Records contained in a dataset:

lemma col_norm_eq_0: "col_norm n Y a = 0 \<Longrightarrow> p < n \<Longrightarrow> Y p a = 0"
  unfolding col_norm_def by (simp add: sum_nonneg_eq_0_iff)

lemma maurey_weight_mean:
  assumes "0 < \<alpha>" and "p0 < n" and "q0 < dO"
  shows "(\<Sum>i\<in>maurey_index dI dO. maurey_weight n dI dO Y \<alpha> V i * maurey_atom n Y \<alpha> i p0 q0)
       = mmul dI Y V p0 q0"
proof -
  let ?w = "maurey_weight n dI dO Y \<alpha> V"
  have "(\<Sum>i\<in>maurey_index dI dO. ?w i * maurey_atom n Y \<alpha> i p0 q0)
      = (\<Sum>a<dI. \<Sum>q<dO. if q = q0 then \<alpha> * (Y p0 a / col_norm n Y a) * (?w (a, q, True) - ?w (a, q, False)) else 0)"
    unfolding sum_maurey_index by (intro sum.cong refl) (simp add: algebra_simps del: maurey_weight.simps)
  also have "\<dots> = (\<Sum>a<dI. \<alpha> * (Y p0 a / col_norm n Y a) * (?w (a, q0, True) - ?w (a, q0, False)))"
    using assms(3) by (simp add: sum.delta')
  also have "\<dots> = (\<Sum>a<dI. Y p0 a * V a q0)"
  proof (rule sum.cong[OF refl])
    fix a
    have w: "?w (a, q0, True) - ?w (a, q0, False) = V a q0 * col_norm n Y a / \<alpha>"
      by (cases "0 \<le> V a q0") auto
    show "\<alpha> * (Y p0 a / col_norm n Y a) * (?w (a, q0, True) - ?w (a, q0, False)) = Y p0 a * V a q0"
    proof (cases "col_norm n Y a = 0")
      case True
      then show ?thesis
        using col_norm_eq_0[OF _ assms(2)] by simp
    next
      case False
      then show ?thesis
        unfolding w using assms(1) by (simp add: field_simps)
    qed
  qed
  finally show ?thesis
    unfolding mmul_def .
qed

lemma sum_col_normalized_le_1: "(\<Sum>p<n. (Y p a / col_norm n Y a)\<^sup>2) \<le> 1"
proof (cases "col_norm n Y a = 0")
  case False
  have "(col_norm n Y a)\<^sup>2 = (\<Sum>p<n. (Y p a)\<^sup>2)"
    unfolding col_norm_def by (simp add: sum_nonneg)
  then have "(\<Sum>p<n. (Y p a / col_norm n Y a)\<^sup>2) = (col_norm n Y a)\<^sup>2 / (col_norm n Y a)\<^sup>2"
    by (simp add: power_divide sum_divide_distrib[symmetric])
  then show ?thesis
    using False by simp
qed simp

lemma frob_maurey_atom_le:
  assumes "0 \<le> \<alpha>" and "i \<in> maurey_index dI dO"
  shows "frob n dO (maurey_atom n Y \<alpha> i) \<le> \<alpha>"
proof -
  obtain a q s where i: "i = (a, q, s)" and q: "q < dO"
    using assms(2) unfolding maurey_index_def by auto
  have "(maurey_atom n Y \<alpha> i p q')\<^sup>2 = (if q' = q then \<alpha>\<^sup>2 * (Y p a / col_norm n Y a)\<^sup>2 else 0)" for p q'
    unfolding i by (cases s) (auto simp: power_mult_distrib power_divide)
  then have "(frob n dO (maurey_atom n Y \<alpha> i))\<^sup>2 = \<alpha>\<^sup>2 * (\<Sum>p<n. (Y p a / col_norm n Y a)\<^sup>2)"
    unfolding frob_power2 using q by (simp add: sum.delta' sum_distrib_left)
  also have "\<dots> \<le> \<alpha>\<^sup>2"
    using sum_col_normalized_le_1 by (simp add: mult_left_le)
  finally show ?thesis
    using assms(1) by (rule power2_le_imp_le)
qed

section \<open>Covering a layer stage by stage\<close>

definition covers :: "nat \<Rightarrow> nat \<Rightarrow> real \<Rightarrow> mat set \<Rightarrow> mat set \<Rightarrow> bool" where
  "covers m k \<epsilon> C S \<longleftrightarrow> (\<forall>M\<in>S. \<exists>U\<in>C. frob m k (msub M U) \<le> \<epsilon>)"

• EXERCISE OBJECTIVE: Please retype all of the records above exactly as they are.

• SOLUTION FOR THIS TASK:
lemma col_norm_eq_0: "col_norm n Y a = 0 \<Longrightarrow> p < n \<Longrightarrow> Y p a = 0"
  unfolding col_norm_def by (simp add: sum_nonneg_eq_0_iff)

lemma maurey_weight_mean:
  assumes "0 < \<alpha>" and "p0 < n" and "q0 < dO"
  shows "(\<Sum>i\<in>maurey_index dI dO. maurey_weight n dI dO Y \<alpha> V i * maurey_atom n Y \<alpha> i p0 q0)
       = mmul dI Y V p0 q0"
proof -
  let ?w = "maurey_weight n dI dO Y \<alpha> V"
  have "(\<Sum>i\<in>maurey_index dI dO. ?w i * maurey_atom n Y \<alpha> i p0 q0)
      = (\<Sum>a<dI. \<Sum>q<dO. if q = q0 then \<alpha> * (Y p0 a / col_norm n Y a) * (?w (a, q, True) - ?w (a, q, False)) else 0)"
    unfolding sum_maurey_index by (intro sum.cong refl) (simp add: algebra_simps del: maurey_weight.simps)
  also have "\<dots> = (\<Sum>a<dI. \<alpha> * (Y p0 a / col_norm n Y a) * (?w (a, q0, True) - ?w (a, q0, False)))"
    using assms(3) by (simp add: sum.delta')
  also have "\<dots> = (\<Sum>a<dI. Y p0 a * V a q0)"
  proof (rule sum.cong[OF refl])
    fix a
    have w: "?w (a, q0, True) - ?w (a, q0, False) = V a q0 * col_norm n Y a / \<alpha>"
      by (cases "0 \<le> V a q0") auto
    show "\<alpha> * (Y p0 a / col_norm n Y a) * (?w (a, q0, True) - ?w (a, q0, False)) = Y p0 a * V a q0"
    proof (cases "col_norm n Y a = 0")
      case True
      then show ?thesis
        using col_norm_eq_0[OF _ assms(2)] by simp
    next
      case False
      then show ?thesis
        unfolding w using assms(1) by (simp add: field_simps)
    qed
  qed
  finally show ?thesis
    unfolding mmul_def .
qed

lemma sum_col_normalized_le_1: "(\<Sum>p<n. (Y p a / col_norm n Y a)\<^sup>2) \<le> 1"
proof (cases "col_norm n Y a = 0")
  case False
  have "(col_norm n Y a)\<^sup>2 = (\<Sum>p<n. (Y p a)\<^sup>2)"
    unfolding col_norm_def by (simp add: sum_nonneg)
  then have "(\<Sum>p<n. (Y p a / col_norm n Y a)\<^sup>2) = (col_norm n Y a)\<^sup>2 / (col_norm n Y a)\<^sup>2"
    by (simp add: power_divide sum_divide_distrib[symmetric])
  then show ?thesis
    using False by simp
qed simp

lemma frob_maurey_atom_le:
  assumes "0 \<le> \<alpha>" and "i \<in> maurey_index dI dO"
  shows "frob n dO (maurey_atom n Y \<alpha> i) \<le> \<alpha>"
proof -
  obtain a q s where i: "i = (a, q, s)" and q: "q < dO"
    using assms(2) unfolding maurey_index_def by auto
  have "(maurey_atom n Y \<alpha> i p q')\<^sup>2 = (if q' = q then \<alpha>\<^sup>2 * (Y p a / col_norm n Y a)\<^sup>2 else 0)" for p q'
    unfolding i by (cases s) (auto simp: power_mult_distrib power_divide)
  then have "(frob n dO (maurey_atom n Y \<alpha> i))\<^sup>2 = \<alpha>\<^sup>2 * (\<Sum>p<n. (Y p a / col_norm n Y a)\<^sup>2)"
    unfolding frob_power2 using q by (simp add: sum.delta' sum_distrib_left)
  also have "\<dots> \<le> \<alpha>\<^sup>2"
    using sum_col_normalized_le_1 by (simp add: mult_left_le)
  finally show ?thesis
    using assms(1) by (rule power2_le_imp_le)
qed

section \<open>Covering a layer stage by stage\<close>

definition covers :: "nat \<Rightarrow> nat \<Rightarrow> real \<Rightarrow> mat set \<Rightarrow> mat set \<Rightarrow> bool" where
  "covers m k \<epsilon> C S \<longleftrightarrow> (\<forall>M\<in>S. \<exists>U\<in>C. frob m k (msub M U) \<le> \<epsilon>)"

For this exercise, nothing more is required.